The members of the court-martial who were to decide the facts, counsel, and the law officer were living in an atmosphere which would hardly be favorable to those who opposed the authority of the creator of the project. I am reasonably certain they would have some mental reservations about not supporting the senior commander and, in a sense, courts under him would revert to the old system of being one of his arms to administer punishment to those who failed along the way. Certainly, when he publicly announced a program to court-martial all offenders he must have created in the minds of his officers his own determination to enforce the program at all costs and the number of hearings bear out that conclusion. When seventy-one hearings growing out of an extraordinary undertaking are ordered in a short period of time, it makes a command conscious of the creator’s interest.

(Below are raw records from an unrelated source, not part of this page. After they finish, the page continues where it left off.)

text \<open>If the rays were disjoint, a shortest bridge W between them, preceded by the backwards
  r-segment from r (a + D) and followed by the s-segment up to s (b + D'), would be a backtrack-free
  walk from f (r a) to f (s b) longer than its image under f.\<close>
lemma translated_rays_meet:
  assumes f: "isom adj f" and r: "translates adj f r D" and s: "translates adj f s D'"
  shows "\<exists>a b. r a = s b"
proof (rule ccontr)
  assume "\<nexists>a b. r a = s b"
  then obtain a b W where W: "walk adj W" "non_backtracking W" "hd W = r a" "last W = s b"
    and "2 \<le> length W" and second: "hd (tl W) \<notin> range r"
    and penultimate: "last (butlast W) \<notin> range s"
    by (rule shortest_bridge)
  have r_ray: "ray adj r" and D: "0 < D" and fr: "\<And>n. f (r n) = r (n + D)"
    using r by (auto simp: translates_def)
  have s_ray: "ray adj s" and D': "0 < D'" and fs: "\<And>n. f (s n) = s (n + D')"
    using s by (auto simp: translates_def)
  have "W \<noteq> []" "tl W \<noteq> []" using \<open>2 \<le> length W\<close> by (cases W; auto)+
  let ?R = "rev (ray_segment r a D)" and ?S = "ray_segment s b D'"
  have R: "walk adj ?R" "non_backtracking ?R" "last ?R = r a" "hd ?R = r (a + D)"
    "last (butlast ?R) = r (Suc a)"
    using walk_ray_segment[OF r_ray] non_backtracking_ray_segment[OF r_ray] D
    by (simp_all add: walk_rev non_backtracking_rev last_rev hd_rev tl_ray_segment)
  have S: "walk adj ?S" "non_backtracking ?S" "hd ?S = s b" "last ?S = s (b + D')"
    "hd (tl ?S) = s (Suc b)"
    using walk_ray_segment[OF s_ray] non_backtracking_ray_segment[OF s_ray] D'
    by (simp_all add: tl_ray_segment)
  have RW: "walk adj (?R @ tl W) \<and> non_backtracking (?R @ tl W)"
  proof (rule reduced_walk_glue[OF R(1,2) W(1,2)])
    show "last ?R = hd W" using R(3) W(3) by simp
    show "2 \<le> length ?R \<and> 2 \<le> length W \<longrightarrow> last (butlast ?R) \<noteq> hd (tl W)"
      using R(5) second by (metis rangeI)
  qed
  have "walk adj ((?R @ tl W) @ tl ?S) \<and> non_backtracking ((?R @ tl W) @ tl ?S)"
  proof (rule reduced_walk_glue[OF conjunct1[OF RW] conjunct2[OF RW] S(1,2)])
    show "last (?R @ tl W) = hd ?S" using S(3) W(4) \<open>tl W \<noteq> []\<close> by (simp add: last_tl)
    have "last (butlast (?R @ tl W)) = last (butlast W)"
      using \<open>tl W \<noteq> []\<close> W(3) R(3) by (cases W) (auto simp: butlast_append)
    then show "2 \<le> length (?R @ tl W) \<and> 2 \<le> length ?S \<longrightarrow> last (butlast (?R @ tl W)) \<noteq> hd (tl ?S)"
      using S(5) penultimate by (metis rangeI)
  qed
  then have V: "walk adj (?R @ tl W @ tl ?S) \<and> non_backtracking (?R @ tl W @ tl ?S)" by simp
  have "tl ?S \<noteq> []" using D' by (simp add: tl_ray_segment)
  then have ends: "hd (?R @ tl W @ tl ?S) = f (r a)" "last (?R @ tl W @ tl ?S) = f (s b)"
    using R(4) S(4) fr fs by (simp_all add: last_tl)
  have fW: "walk adj (map f W)" "non_backtracking (map f W)" "hd (map f W) = f (r a)"
    "last (map f W) = f (s b)"
    using walk_map_isom[OF f W(1)] non_backtracking_map_inj[OF _ W(2), of f] f W(3,4) \<open>W \<noteq> []\<close>
    by (auto simp: isom_def bij_is_inj hd_map last_map)
  have "?R @ tl W @ tl ?S = map f W" using reduced_walk_unique V fW ends by metis
  then have "length (?R @ tl W @ tl ?S) = length W" by simp
  then show False using D \<open>2 \<le> length W\<close> by simp
qed
lemma independent_lincomb_norm_ge:
  fixes B :: "'a::real_normed_vector set"
  assumes fin: "finite B" and ind: "independent B"
  obtains m where "m > 0" "\<And>c. m * (\<Sum>b\<in>B. \<bar>c b\<bar>) \<le> norm (\<Sum>b\<in>B. c b *\<^sub>R b)"
proof (cases "B = {}")
  case True then show ?thesis using that[of 1] by simp
next
  case False
  then obtain b1 where b1: "b1 \<in> B" by auto
  define K where "K = PiE UNIV (\<lambda>b. if b \<in> B then {-1..1} else {0::real}) \<inter> {c. (\<Sum>b\<in>B. \<bar>c b\<bar>) = 1}"
  have "closed {c::'a \<Rightarrow> real. (\<Sum>b\<in>B. \<bar>c b\<bar>) = 1}"
    by (rule closed_Collect_eq) (intro continuous_intros; auto)+
  then have K: "compact K" unfolding K_def
    using compact_coefficient_box[of B 1] by (intro compact_Int_closed) auto
  have "(\<lambda>b. if b = b1 then 1 else 0) \<in> K"
    unfolding K_def using b1 fin by (auto simp: if_distrib cong: if_cong)
  then have K_ne: "K \<noteq> {}" by auto
  have "continuous_on K (\<lambda>c. norm (\<Sum>b\<in>B. c b *\<^sub>R b))"
    by (intro continuous_intros continuous_on_subset[OF continuous_on_product_coordinates]) auto
  from continuous_attains_inf[OF K K_ne this] obtain c0 where c0: "c0 \<in> K"
    and c0_min: "\<And>c. c \<in> K \<Longrightarrow> norm (\<Sum>b\<in>B. c0 b *\<^sub>R b) \<le> norm (\<Sum>b\<in>B. c b *\<^sub>R b)"
    by blast
  define m where "m = norm (\<Sum>b\<in>B. c0 b *\<^sub>R b)"
  have "m > 0"
  proof (rule ccontr)
    assume "\<not> m > 0"
    then have "(\<Sum>b\<in>B. c0 b *\<^sub>R b) = 0" unfolding m_def by simp
    then have "\<forall>b\<in>B. c0 b = 0"
      using ind fin unfolding dependent_finite[OF fin] by blast
    then show False using c0 unfolding K_def by simp
  qed
  moreover have "m * (\<Sum>b\<in>B. \<bar>c b\<bar>) \<le> norm (\<Sum>b\<in>B. c b *\<^sub>R b)" for c
  proof (cases "(\<Sum>b\<in>B. \<bar>c b\<bar>) = 0")
    case False
    define s where "s = (\<Sum>b\<in>B. \<bar>c b\<bar>)"
    have s: "s > 0" using False unfolding s_def by (metis sum_nonneg abs_ge_zero order_le_less)
    define c' where "c' = (\<lambda>b. if b \<in> B then c b / s else 0)"
    have "\<bar>c b\<bar> \<le> s" if "b \<in> B" for b
      unfolding s_def using fin that by (intro member_le_sum) auto
    then have "c' \<in> PiE UNIV (\<lambda>b. if b \<in> B then {-1..1} else {0})"
      using s by (force simp: c'_def PiE_def abs_le_iff divide_le_eq le_divide_eq)
    moreover have "(\<Sum>b\<in>B. \<bar>c' b\<bar>) = (\<Sum>b\<in>B. \<bar>c b\<bar>) / s"
      unfolding sum_divide_distrib using s by (intro sum.cong) (auto simp: c'_def)
    ultimately have "m \<le> norm (\<Sum>b\<in>B. c' b *\<^sub>R b)"
      unfolding m_def using s by (intro c0_min) (simp add: K_def s_def)
    also have "(\<Sum>b\<in>B. c' b *\<^sub>R b) = (1 / s) *\<^sub>R (\<Sum>b\<in>B. c b *\<^sub>R b)"
      unfolding scaleR_sum_right by (rule sum.cong) (auto simp: c'_def)
    finally show ?thesis using s unfolding s_def[symmetric] by (simp add: field_simps)
  qed simp
  ultimately show ?thesis using that by blast
qed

I am certain from all of the forgoing that the men in the Eight Infantry Division, and particularly those who manned the courts, would pay careful heed to the General’s *100wishes, for they were well aware of the fact that the project was of paramount importance to him. In this instance, those who were selected were unhappily situated, for a finding of not guilty would have been a direct rebuff to the General, who had ordered the accused to stand trial for violations in connection with his specially cherished project.
The fact that this offense was collateral to the General’s project makes him no less an accuser. This official statement arose solely out of, and was so closely tied in with, weight reduction that it is impossible to isolate one form of resistance from another. A false official oath, as an affirmative act of resistance, would have more of a tendency to raise the ire of the General than would a mere failure to lose weight. The former is an act of commission taken to defeat the success of the plan while the latter is only an act of omission. I dare say that in the eyes of the General this offense would be the most serious type of any rebellious opposition, and the record supports that inference, for this incident was the only one out of seventy-one violations which was referred to a general court-martial for trial. When confronted with his pretrial decision, the General was in an inconsistent position. A decision not to order this case to trial would have been a self-defeating gesture and that fairly well makes the issue personal.
In summation of this aspect of the case, I can only say that when I place .the act of submitting a false official statement in the perspective of the convening authority’s weight-reducing project, I am still convinced that a reasonable person would conclude the convening authority had a personal interest in the prosecution. So that the court-martial may labor in a healthier atmosphere, a rehearing ought to be granted. My brothers have so ordered and I join them in their result.